YOUR INSTRUCTIONS - Copy each line of the records below that has "shows" in it.
-- Opening Marker --
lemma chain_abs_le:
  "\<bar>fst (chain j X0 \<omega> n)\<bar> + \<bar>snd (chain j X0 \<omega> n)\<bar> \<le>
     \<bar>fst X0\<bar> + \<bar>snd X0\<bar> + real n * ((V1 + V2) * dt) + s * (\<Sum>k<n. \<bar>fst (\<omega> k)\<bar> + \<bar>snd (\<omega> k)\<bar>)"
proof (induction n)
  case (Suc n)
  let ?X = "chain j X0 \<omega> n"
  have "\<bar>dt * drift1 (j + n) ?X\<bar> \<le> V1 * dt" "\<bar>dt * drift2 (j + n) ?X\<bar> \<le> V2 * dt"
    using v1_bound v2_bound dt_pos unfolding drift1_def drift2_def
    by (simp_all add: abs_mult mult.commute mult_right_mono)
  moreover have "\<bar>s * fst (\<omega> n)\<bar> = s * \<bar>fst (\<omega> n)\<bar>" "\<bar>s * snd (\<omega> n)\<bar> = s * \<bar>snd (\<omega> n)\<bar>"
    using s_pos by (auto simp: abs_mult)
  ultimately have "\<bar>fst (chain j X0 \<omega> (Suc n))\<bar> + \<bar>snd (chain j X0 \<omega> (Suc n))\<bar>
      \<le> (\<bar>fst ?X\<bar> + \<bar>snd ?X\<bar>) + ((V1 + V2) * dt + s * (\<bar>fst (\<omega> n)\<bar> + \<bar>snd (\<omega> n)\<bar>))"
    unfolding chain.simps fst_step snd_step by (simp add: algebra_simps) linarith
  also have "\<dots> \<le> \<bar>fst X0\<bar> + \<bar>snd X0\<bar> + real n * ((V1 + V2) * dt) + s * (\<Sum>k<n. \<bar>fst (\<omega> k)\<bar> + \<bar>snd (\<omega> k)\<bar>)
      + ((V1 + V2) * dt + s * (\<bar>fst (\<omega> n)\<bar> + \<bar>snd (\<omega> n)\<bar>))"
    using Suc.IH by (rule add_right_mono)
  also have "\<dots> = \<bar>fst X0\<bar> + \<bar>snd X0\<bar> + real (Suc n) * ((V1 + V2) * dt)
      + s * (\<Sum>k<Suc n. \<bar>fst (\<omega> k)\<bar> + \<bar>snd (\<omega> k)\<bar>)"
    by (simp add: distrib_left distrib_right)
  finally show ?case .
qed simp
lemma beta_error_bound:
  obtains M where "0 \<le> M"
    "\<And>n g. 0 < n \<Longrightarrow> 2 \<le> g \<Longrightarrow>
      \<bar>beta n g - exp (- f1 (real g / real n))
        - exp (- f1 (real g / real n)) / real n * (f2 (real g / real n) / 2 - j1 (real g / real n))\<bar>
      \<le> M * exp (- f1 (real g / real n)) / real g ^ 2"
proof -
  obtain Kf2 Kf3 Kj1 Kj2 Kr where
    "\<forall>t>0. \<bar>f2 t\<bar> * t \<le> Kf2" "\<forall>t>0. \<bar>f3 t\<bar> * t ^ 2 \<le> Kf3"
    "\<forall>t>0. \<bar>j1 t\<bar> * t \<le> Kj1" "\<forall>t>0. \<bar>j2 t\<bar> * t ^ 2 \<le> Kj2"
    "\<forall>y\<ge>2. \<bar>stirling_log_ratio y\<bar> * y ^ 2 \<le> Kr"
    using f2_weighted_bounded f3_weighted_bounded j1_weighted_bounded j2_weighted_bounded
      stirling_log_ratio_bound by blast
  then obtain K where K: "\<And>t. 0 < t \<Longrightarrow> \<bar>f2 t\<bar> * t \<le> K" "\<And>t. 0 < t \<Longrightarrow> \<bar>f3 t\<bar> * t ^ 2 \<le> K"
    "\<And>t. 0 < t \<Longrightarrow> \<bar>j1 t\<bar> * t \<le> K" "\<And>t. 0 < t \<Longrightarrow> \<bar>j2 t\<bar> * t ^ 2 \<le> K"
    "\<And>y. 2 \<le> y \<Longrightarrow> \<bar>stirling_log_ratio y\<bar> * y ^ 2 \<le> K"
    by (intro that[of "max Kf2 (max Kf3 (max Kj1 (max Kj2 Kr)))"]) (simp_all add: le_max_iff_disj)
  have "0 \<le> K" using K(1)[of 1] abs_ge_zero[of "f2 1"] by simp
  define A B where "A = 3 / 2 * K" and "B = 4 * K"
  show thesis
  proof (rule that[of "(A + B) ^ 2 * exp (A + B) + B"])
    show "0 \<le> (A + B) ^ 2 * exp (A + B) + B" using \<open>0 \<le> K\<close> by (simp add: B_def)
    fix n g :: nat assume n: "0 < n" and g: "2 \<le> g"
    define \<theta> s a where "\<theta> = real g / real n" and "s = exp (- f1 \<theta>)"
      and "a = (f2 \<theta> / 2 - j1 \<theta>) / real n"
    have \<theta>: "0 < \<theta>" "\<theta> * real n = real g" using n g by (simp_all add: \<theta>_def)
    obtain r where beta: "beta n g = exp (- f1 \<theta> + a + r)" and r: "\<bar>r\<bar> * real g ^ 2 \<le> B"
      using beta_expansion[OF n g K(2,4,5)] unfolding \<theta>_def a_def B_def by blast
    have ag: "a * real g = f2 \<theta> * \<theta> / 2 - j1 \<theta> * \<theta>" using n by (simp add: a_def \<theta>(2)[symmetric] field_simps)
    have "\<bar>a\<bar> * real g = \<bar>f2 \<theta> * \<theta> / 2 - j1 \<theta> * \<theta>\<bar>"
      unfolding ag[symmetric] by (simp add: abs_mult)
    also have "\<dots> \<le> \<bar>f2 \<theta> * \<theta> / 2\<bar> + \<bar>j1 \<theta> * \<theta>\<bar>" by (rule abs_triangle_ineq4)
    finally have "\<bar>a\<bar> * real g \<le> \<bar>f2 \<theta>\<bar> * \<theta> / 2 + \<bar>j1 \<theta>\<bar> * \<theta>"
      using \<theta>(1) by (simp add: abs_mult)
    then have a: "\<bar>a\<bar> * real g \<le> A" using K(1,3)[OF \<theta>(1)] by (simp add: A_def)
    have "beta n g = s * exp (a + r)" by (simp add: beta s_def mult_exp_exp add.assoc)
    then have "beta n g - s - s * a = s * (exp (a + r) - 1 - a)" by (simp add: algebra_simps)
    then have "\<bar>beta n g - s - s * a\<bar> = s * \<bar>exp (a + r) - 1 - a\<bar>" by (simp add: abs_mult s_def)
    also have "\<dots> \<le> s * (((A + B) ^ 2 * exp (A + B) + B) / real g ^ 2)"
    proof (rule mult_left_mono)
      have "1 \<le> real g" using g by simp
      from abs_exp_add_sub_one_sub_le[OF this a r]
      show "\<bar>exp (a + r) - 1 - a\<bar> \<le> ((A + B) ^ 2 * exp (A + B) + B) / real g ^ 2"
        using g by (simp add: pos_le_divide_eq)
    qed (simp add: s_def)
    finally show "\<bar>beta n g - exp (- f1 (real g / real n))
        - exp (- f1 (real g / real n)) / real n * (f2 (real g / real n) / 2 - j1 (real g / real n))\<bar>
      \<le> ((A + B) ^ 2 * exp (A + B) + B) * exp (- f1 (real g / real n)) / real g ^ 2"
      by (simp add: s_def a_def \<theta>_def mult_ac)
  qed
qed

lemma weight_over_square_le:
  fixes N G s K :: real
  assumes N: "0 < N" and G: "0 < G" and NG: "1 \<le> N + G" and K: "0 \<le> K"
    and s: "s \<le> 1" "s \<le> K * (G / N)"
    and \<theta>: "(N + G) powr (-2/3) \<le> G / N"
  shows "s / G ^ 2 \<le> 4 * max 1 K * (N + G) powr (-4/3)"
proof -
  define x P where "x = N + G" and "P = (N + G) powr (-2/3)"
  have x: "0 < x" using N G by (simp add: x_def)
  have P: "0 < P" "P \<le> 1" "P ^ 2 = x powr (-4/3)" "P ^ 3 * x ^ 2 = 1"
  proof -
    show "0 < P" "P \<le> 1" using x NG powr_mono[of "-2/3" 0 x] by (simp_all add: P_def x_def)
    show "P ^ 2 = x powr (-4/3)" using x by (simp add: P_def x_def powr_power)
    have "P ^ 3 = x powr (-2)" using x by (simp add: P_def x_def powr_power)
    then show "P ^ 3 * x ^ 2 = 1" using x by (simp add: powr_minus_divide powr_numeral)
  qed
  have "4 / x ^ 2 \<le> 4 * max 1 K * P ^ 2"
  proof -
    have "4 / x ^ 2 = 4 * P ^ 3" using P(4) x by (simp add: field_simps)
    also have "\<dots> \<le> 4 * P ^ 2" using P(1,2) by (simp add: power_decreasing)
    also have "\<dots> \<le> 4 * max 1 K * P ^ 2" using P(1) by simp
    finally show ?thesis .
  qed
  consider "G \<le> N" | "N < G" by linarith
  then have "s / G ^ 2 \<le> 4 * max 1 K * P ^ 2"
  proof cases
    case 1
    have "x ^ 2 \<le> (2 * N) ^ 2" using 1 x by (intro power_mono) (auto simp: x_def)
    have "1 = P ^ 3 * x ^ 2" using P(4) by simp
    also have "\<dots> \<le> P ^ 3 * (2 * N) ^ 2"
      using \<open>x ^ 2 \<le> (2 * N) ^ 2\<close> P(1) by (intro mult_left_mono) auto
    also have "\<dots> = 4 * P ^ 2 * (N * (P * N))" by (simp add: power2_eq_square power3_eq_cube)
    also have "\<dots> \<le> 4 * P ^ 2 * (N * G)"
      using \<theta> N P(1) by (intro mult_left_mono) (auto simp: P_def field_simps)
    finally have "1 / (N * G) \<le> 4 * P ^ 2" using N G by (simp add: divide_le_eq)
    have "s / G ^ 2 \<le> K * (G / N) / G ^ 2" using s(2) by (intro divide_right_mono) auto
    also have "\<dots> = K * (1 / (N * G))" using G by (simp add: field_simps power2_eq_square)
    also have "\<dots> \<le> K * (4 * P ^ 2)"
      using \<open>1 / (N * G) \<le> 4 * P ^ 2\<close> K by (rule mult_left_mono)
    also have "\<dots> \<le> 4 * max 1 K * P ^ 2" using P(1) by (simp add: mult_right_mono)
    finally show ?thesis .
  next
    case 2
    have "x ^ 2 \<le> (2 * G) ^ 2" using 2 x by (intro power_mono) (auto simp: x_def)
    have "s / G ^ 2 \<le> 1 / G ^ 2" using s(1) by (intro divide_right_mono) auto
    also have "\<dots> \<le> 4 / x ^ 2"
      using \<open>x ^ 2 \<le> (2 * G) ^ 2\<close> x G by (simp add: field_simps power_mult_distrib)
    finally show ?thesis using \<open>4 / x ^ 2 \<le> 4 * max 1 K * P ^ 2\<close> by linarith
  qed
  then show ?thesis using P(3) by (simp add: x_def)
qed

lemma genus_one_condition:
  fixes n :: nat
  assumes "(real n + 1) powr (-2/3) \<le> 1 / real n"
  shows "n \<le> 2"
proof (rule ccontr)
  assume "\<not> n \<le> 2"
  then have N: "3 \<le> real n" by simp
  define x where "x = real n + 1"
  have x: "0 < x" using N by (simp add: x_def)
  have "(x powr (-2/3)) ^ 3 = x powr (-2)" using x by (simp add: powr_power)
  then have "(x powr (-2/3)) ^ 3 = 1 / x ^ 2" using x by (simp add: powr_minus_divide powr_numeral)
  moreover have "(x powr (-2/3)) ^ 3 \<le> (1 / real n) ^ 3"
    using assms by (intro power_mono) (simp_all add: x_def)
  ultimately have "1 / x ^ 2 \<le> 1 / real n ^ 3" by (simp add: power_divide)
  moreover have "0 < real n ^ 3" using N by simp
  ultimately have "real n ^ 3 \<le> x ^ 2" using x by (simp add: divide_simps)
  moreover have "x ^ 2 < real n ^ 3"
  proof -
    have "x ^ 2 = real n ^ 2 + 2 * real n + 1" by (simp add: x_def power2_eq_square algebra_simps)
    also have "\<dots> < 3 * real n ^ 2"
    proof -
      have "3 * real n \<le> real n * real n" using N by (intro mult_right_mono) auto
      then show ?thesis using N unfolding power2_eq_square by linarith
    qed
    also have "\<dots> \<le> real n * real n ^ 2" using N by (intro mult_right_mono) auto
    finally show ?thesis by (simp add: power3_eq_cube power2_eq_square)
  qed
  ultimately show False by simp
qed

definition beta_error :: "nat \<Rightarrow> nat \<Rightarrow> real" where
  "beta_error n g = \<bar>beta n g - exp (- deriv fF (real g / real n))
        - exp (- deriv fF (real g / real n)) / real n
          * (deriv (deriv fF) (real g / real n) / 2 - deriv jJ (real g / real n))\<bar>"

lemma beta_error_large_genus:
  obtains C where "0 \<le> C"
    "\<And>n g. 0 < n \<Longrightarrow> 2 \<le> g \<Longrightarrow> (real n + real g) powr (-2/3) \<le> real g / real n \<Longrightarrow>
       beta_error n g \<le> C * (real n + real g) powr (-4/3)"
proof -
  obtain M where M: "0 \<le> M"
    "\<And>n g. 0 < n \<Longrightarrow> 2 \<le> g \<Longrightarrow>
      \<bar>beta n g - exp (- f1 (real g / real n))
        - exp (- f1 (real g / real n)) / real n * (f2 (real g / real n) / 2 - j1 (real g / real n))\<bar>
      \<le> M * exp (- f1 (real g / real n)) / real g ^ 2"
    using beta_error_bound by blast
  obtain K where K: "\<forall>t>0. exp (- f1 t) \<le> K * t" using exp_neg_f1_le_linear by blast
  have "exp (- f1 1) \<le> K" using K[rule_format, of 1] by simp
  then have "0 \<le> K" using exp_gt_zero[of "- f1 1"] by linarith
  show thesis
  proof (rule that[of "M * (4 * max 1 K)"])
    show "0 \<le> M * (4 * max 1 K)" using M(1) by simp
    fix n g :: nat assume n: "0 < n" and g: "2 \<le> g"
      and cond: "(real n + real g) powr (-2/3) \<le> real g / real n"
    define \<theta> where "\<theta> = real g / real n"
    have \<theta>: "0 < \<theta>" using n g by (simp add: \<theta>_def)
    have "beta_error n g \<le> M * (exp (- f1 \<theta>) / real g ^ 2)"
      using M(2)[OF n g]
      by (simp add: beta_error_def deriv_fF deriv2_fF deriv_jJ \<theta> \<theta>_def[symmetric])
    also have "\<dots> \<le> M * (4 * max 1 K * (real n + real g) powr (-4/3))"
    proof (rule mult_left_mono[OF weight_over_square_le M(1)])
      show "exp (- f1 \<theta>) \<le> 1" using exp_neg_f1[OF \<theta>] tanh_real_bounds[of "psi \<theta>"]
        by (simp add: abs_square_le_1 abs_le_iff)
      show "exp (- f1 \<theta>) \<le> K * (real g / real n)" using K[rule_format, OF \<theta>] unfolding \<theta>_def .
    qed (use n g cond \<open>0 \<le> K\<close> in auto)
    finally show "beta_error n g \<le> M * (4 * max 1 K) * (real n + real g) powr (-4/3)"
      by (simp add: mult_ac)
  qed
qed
-- Closing Marker --
EXPECTED ANSWER -
  shows "s / G ^ 2 \<le> 4 * max 1 K * (N + G) powr (-4/3)"
  shows "n \<le> 2"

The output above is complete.